A Lecture on the Preservation of Health eBook

This eBook from the Gutenberg Project consists of approximately 41 pages of information about A Lecture on the Preservation of Health.

A Lecture on the Preservation of Health eBook

This eBook from the Gutenberg Project consists of approximately 41 pages of information about A Lecture on the Preservation of Health.

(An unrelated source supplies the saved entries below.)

lemma coset_part_add_mem_iff:
  fixes P :: "('a::ab_group_add \<Rightarrow>\<^sub>0 'k::comm_ring_1) set"
  assumes P: "is_ideal P" and E: "subgrp E" "e \<in> E"
  shows "coset_part E (a + e) f \<in> P \<longleftrightarrow> coset_part E a f \<in> P"
proof -
  have "single (a + e) 1 * f = single e 1 * (single a 1 * f)"
    by (simp add: mult.assoc[symmetric] mult_single add.commute)
  then have eq: "coset_part E (a + e) f = single e 1 * coset_part E a f"
    using proj_single_mult[OF E] by (simp add: coset_part_def)
  then have "coset_part E a f = single (- e) 1 * coset_part E (a + e) f"
    by (simp add: mult.assoc[symmetric] mult_single)
  then show ?thesis using eq is_idealD(3)[OF P] by metis
qed

lemma coset_part_nonzero:
  assumes "coset_part E a f \<noteq> 0"
  shows "\<exists>k\<in>keys f. a + k \<in> E"
proof -
  obtain x where "lookup (coset_part E a f) x \<noteq> 0"
    using assms poly_mapping_eqI[of "coset_part E a f" 0] by auto
  then have "x \<in> E" "lookup f (x - a) \<noteq> 0"
    by (auto simp: coset_part_def lookup_proj lookup_single_mult split: if_splits)
  then show ?thesis by (intro bexI[of _ "x - a"]) (auto simp: in_keys_iff)
qed

lemma coset_part_notin_on_transversal:
  fixes P :: "('a::ab_group_add \<Rightarrow>\<^sub>0 'k::comm_ring_1) set"
  assumes P: "is_ideal P" and E: "subgrp E"
    and f: "f \<notin> ext_ideal E P" and T: "\<forall>a\<in>keys f. \<exists>t\<in>T. a - t \<in> E"
  shows "\<exists>t\<in>T. coset_part E (- t) f \<notin> P"
proof -
  obtain a where a: "coset_part E a f \<notin> P" using f mem_ext_ideal_iff[OF P E] by blast
  then have "coset_part E a f \<noteq> 0" using is_idealD(1)[OF P] by auto
  then obtain k where k: "k \<in> keys f" "a + k \<in> E" using coset_part_nonzero by blast
  obtain t where t: "t \<in> T" "k - t \<in> E" using T k(1) by blast
  have "(k - t) - (a + k) \<in> E" using subgrp_diff[OF E t(2) k(2)] .
  moreover have "- t = a + ((k - t) - (a + k))" by simp
  ultimately have "coset_part E (- t) f \<in> P \<longleftrightarrow> coset_part E a f \<in> P"
    using coset_part_add_mem_iff[OF P E] by metis
  then show ?thesis using a t(1) by blast
qed

lemma coset_part_mult:
  fixes x y :: "'a::ab_group_add \<Rightarrow>\<^sub>0 'k::comm_ring_1"
  assumes E: "subgrp E" and x: "x = (\<Sum>t\<in>Tx. single t 1 * gx t)" and y: "y = (\<Sum>s\<in>Ty. single s 1 * gy s)"
    and keys: "\<And>t. keys (gx t) \<subseteq> E" "\<And>s. keys (gy s) \<subseteq> E"
  shows "coset_part E c (x * y) = (\<Sum>p\<in>Tx \<times> Ty.
    if c + fst p + snd p \<in> E then single (c + fst p + snd p) 1 * (gx (fst p) * gy (snd p)) else 0)"
proof -
  have "x * y = (\<Sum>t\<in>Tx. \<Sum>s\<in>Ty. (single t 1 * gx t) * (single s 1 * gy s))"
    unfolding x y by (rule sum_product)
  then have "single c 1 * (x * y) = (\<Sum>t\<in>Tx. \<Sum>s\<in>Ty. single c 1 * ((single t 1 * gx t) * (single s 1 * gy s)))"
    by (simp only: sum_distrib_left)
  also have "\<dots> = (\<Sum>p\<in>Tx \<times> Ty. single (c + fst p + snd p) 1 * (gx (fst p) * gy (snd p)))"
    by (simp add: sum.cartesian_product case_prod_beta mult_ac mult_single add.assoc)
  finally have "coset_part E c (x * y) = (\<Sum>p\<in>Tx \<times> Ty. proj E (single (c + fst p + snd p) 1 * (gx (fst p) * gy (snd p))))"
    by (simp add: coset_part_def proj_sum)
  also have "\<dots> = (\<Sum>p\<in>Tx \<times> Ty.
      if c + fst p + snd p \<in> E then single (c + fst p + snd p) 1 * (gx (fst p) * gy (snd p)) else 0)"
    using galg_mult[OF E, of "gx _" "gy _"] keys
    by (intro sum.cong refl proj_single_mult_in_subgrp[OF E]) (auto simp: galg_iff)
  finally show ?thesis .
qed

lemma coset_part_mult_leading:
  fixes x y :: "'a::ab_group_add \<Rightarrow>\<^sub>0 'k::comm_ring_1"
  assumes P: "is_ideal P" and E: "subgrp E"
    and x: "finite Tx" "x = (\<Sum>t\<in>Tx. single t 1 * coset_part E (- t) x)"
    and y: "finite Ty" "y = (\<Sum>s\<in>Ty. single s 1 * coset_part E (- s) y)"
    and ts0: "t0 \<in> Tx" "s0 \<in> Ty"
    and unique: "\<forall>t\<in>Tx. \<forall>s\<in>Ty. coset_part E (- t) x \<notin> P \<longrightarrow> coset_part E (- s) y \<notin> P \<longrightarrow>
       t + s - (t0 + s0) \<in> E \<longrightarrow> t = t0 \<and> s = s0"
  shows "coset_part E (- (t0 + s0)) (x * y) - coset_part E (- t0) x * coset_part E (- s0) y \<in> P"
proof -
  define trm where "trm p = (if - (t0 + s0) + fst p + snd p \<in> E
    then single (- (t0 + s0) + fst p + snd p) 1 * (coset_part E (- fst p) x * coset_part E (- snd p) y)
    else 0)" for p
  have "coset_part E (- (t0 + s0)) (x * y) = (\<Sum>p\<in>Tx \<times> Ty. trm p)"
    unfolding trm_def by (rule coset_part_mult[OF E x(2) y(2) keys_coset_part keys_coset_part])
  also have "\<dots> = trm (t0, s0) + (\<Sum>p\<in>Tx \<times> Ty - {(t0, s0)}. trm p)"
    using x(1) y(1) ts0 by (simp add: sum.remove)
  also have "trm (t0, s0) = coset_part E (- t0) x * coset_part E (- s0) y"
    using subgrpD(1)[OF E] by (simp add: trm_def)
  finally have eq: "coset_part E (- (t0 + s0)) (x * y) - coset_part E (- t0) x * coset_part E (- s0) y
      = (\<Sum>p\<in>Tx \<times> Ty - {(t0, s0)}. trm p)" by simp
  have "trm p \<in> P" if p: "p \<in> Tx \<times> Ty - {(t0, s0)}" for p
  proof (cases "- (t0 + s0) + fst p + snd p \<in> E")
    case True
    have "coset_part E (- fst p) x \<in> P \<or> coset_part E (- snd p) y \<in> P"
    proof (rule ccontr)
      assume "\<not> ?thesis"
      moreover have "fst p + snd p - (t0 + s0) \<in> E" using True by (simp add: algebra_simps)
      ultimately have "p = (t0, s0)" using unique p by (cases p) auto
      then show False using p by simp
    qed
    then have "coset_part E (- fst p) x * coset_part E (- snd p) y \<in> P"
      using is_idealD(3,4)[OF P] by blast
    then show ?thesis using True is_idealD(3)[OF P] by (simp add: trm_def)
  qed (simp add: trm_def is_idealD(1)[OF P])
  then show ?thesis unfolding eq by (rule is_ideal_sum[OF P])
qed

lemma prime_ext_ideal:
  fixes P :: "('a::ab_group_add \<Rightarrow>\<^sub>0 'k::comm_ring_1) set"
  assumes P: "prime_ideal P" and E: "subgrp E" "isol E = E" and fr: "finite_rank (UNIV :: 'a set)"
  shows "prime_ideal (ext_ideal E P)"
proof -
  let ?J = "ext_ideal E P"
  have Pid: "is_ideal P" using prime_idealD(1)[OF P] .
  have "x \<in> ?J \<or> y \<in> ?J" if xy: "x * y \<in> ?J" for x y
  proof (rule ccontr)
    assume "\<not> (x \<in> ?J \<or> y \<in> ?J)"
    then have nx: "x \<notin> ?J" and ny: "y \<notin> ?J" by auto
    obtain Tx where Tx: "finite Tx" "Tx \<subseteq> keys x" "\<forall>t\<in>Tx. \<forall>t'\<in>Tx. t - t' \<in> E \<longrightarrow> t = t'"
      "\<forall>a\<in>keys x. \<exists>t\<in>Tx. a - t \<in> E" "x = (\<Sum>t\<in>Tx. single t 1 * proj E (single (- t) 1 * x))"
      by (rule exists_coset_decomposition[OF E(1)])
    obtain Ty where Ty: "finite Ty" "Ty \<subseteq> keys y" "\<forall>t\<in>Ty. \<forall>t'\<in>Ty. t - t' \<in> E \<longrightarrow> t = t'"
      "\<forall>a\<in>keys y. \<exists>t\<in>Ty. a - t \<in> E" "y = (\<Sum>t\<in>Ty. single t 1 * proj E (single (- t) 1 * y))"
      by (rule exists_coset_decomposition[OF E(1)])
    define U where "U = {t \<in> Tx. coset_part E (- t) x \<notin> P}"
    define V where "V = {t \<in> Ty. coset_part E (- t) y \<notin> P}"
    have U: "finite U" "U \<noteq> {}" "\<forall>u\<in>U. \<forall>u'\<in>U. u - u' \<in> E \<longrightarrow> u = u'"
      using Tx(1,3) coset_part_notin_on_transversal[OF Pid E(1) nx Tx(4)] unfolding U_def by auto
    have V: "finite V" "V \<noteq> {}" "\<forall>v\<in>V. \<forall>v'\<in>V. v - v' \<in> E \<longrightarrow> v = v'"
      using Ty(1,3) coset_part_notin_on_transversal[OF Pid E(1) ny Ty(4)] unfolding V_def by auto
    obtain t0 s0 where ts0: "t0 \<in> U" "s0 \<in> V" "\<forall>u\<in>U. \<forall>v\<in>V. u + v - (t0 + s0) \<in> E \<longrightarrow> u = t0 \<and> v = s0"
      using unique_product_cosets[OF E fr U V] by blast
    then have t0: "t0 \<in> Tx" "coset_part E (- t0) x \<notin> P" and s0: "s0 \<in> Ty" "coset_part E (- s0) y \<notin> P"
      unfolding U_def V_def by auto
    have "\<forall>t\<in>Tx. \<forall>s\<in>Ty. coset_part E (- t) x \<notin> P \<longrightarrow> coset_part E (- s) y \<notin> P \<longrightarrow>
        t + s - (t0 + s0) \<in> E \<longrightarrow> t = t0 \<and> s = s0"
      using ts0(3) unfolding U_def V_def by blast
    moreover have "x = (\<Sum>t\<in>Tx. single t 1 * coset_part E (- t) x)"
      and "y = (\<Sum>s\<in>Ty. single s 1 * coset_part E (- s) y)"
      using Tx(5) Ty(5) by (simp_all add: coset_part_def)
    ultimately have "coset_part E (- (t0 + s0)) (x * y) - coset_part E (- t0) x * coset_part E (- s0) y \<in> P"
      using coset_part_mult_leading[OF Pid E(1) Tx(1) _ Ty(1) _ t0(1) s0(1)] by blast
    moreover have "coset_part E (- (t0 + s0)) (x * y) \<in> P"
      using xy mem_ext_ideal_iff[OF Pid E(1)] by blast
    ultimately have "coset_part E (- t0) x * coset_part E (- s0) y \<in> P"
      using is_ideal_diff[OF Pid] by fastforce
    then show False using prime_ideal_mult_notin[OF P t0(2) s0(2)] by blast
  qed
  moreover have "is_ideal ?J" unfolding ext_ideal_def by (rule is_ideal_ideal_gen_in_UNIV)
  moreover have "?J \<noteq> UNIV" using ext_ideal_subset[OF Pid] prime_idealD(3)[OF P] by blast
  ultimately show ?thesis unfolding prime_ideal_def by blast
qed

section \<open>The controllers of \<open>P\<close> and of \<open>P \<inter> kB\<close>\<close>

lemma controller_galg_Int_subset:
  fixes P :: "('a::ab_group_add \<Rightarrow>\<^sub>0 'k::comm_ring_1) set"
  assumes P: "is_ideal P" and B: "subgrp B"
  shows "controller B (galg B \<inter> P) \<subseteq> controller UNIV P"
proof -
  let ?C = "controller UNIV P"
  have PI: "is_ideal_in (galg UNIV) P" using P by (simp add: is_ideal_def)
  have QI: "is_ideal_in (galg B) (galg B \<inter> P)" using P B by (rule is_ideal_in_galg_Int)
  have "\<forall>f\<in>P. proj ?C f \<in> P"
    using controls_iff_proj[OF subgrp_UNIV PI controller_subgrp subset_UNIV]
      controller_controls[OF subgrp_UNIV PI] by blast
  then have "proj (?C \<inter> B) f \<in> galg B \<inter> P" if f: "f \<in> galg B \<inter> P" for f
  proof -
    have "keys f \<subseteq> B" using f by (simp add: galg_iff)
    then have "proj (?C \<inter> B) f = proj ?C f" by (intro proj_cong) blast
    moreover have "proj ?C f \<in> galg B" using \<open>keys f \<subseteq> B\<close> by (intro galg_proj) blast
    ultimately show ?thesis using \<open>\<forall>f\<in>P. proj ?C f \<in> P\<close> f by simp
  qed
  moreover have CB: "subgrp (?C \<inter> B)" using controller_subgrp B by (rule subgrp_Int)
  ultimately have "controls B (galg B \<inter> P) (?C \<inter> B)"
    using controls_iff_proj[OF B QI CB] by blast
  then show ?thesis using controller_least[OF CB] by blast
qed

It now only remains for me to take some notice of exercise.  Of all the various methods of preserving health, and of preventing diseases, which nature has suggested, there is none more efficacious than exercise; it puts the fluids all in motion, strengthens the solids, promotes perspiration, and occasions the decomposition of a larger quantity of atmospheric air in the lungs.  Hence, in order to preserve the health of the body, the author of nature has made exercise absolutely necessary to the greater part of mankind for obtaining the means of existence.—­Had not exercise been absolutely necessary for our well-being, says the elegant Addison, nature would not have made the body so proper for it, by giving such an activity to the limbs, and such a pliancy to every part, as necessarily produce those compressions, extensions, contortions, dilatations, and all other kinds of motions, that are necessary for the preservation of such a system of tubes and glands.—­And that we might not want inducement to engage us in such exercise of the body as is proper for its welfare, it is so ordered, that nothing valuable can be procured without it.  Not to mention riches and honors, even food and raiment are not to be come at without the toil of the hands and sweat of the brow.  Providence furnishes materials, but expects that we should work them up ourselves.  The earth must be laboured before it gives its increase, and when it is forced into its several products, how many hands must they pass through before they are fit for use?  Manufactures, trade, and agriculture, naturally employ more than nineteen parts of the species out of twenty; and as for those who are not obliged to labour by the condition in which they are born, they are more miserable than the rest of mankind, unless they indulge themselves in that voluntary labour which goes by the name of exercise.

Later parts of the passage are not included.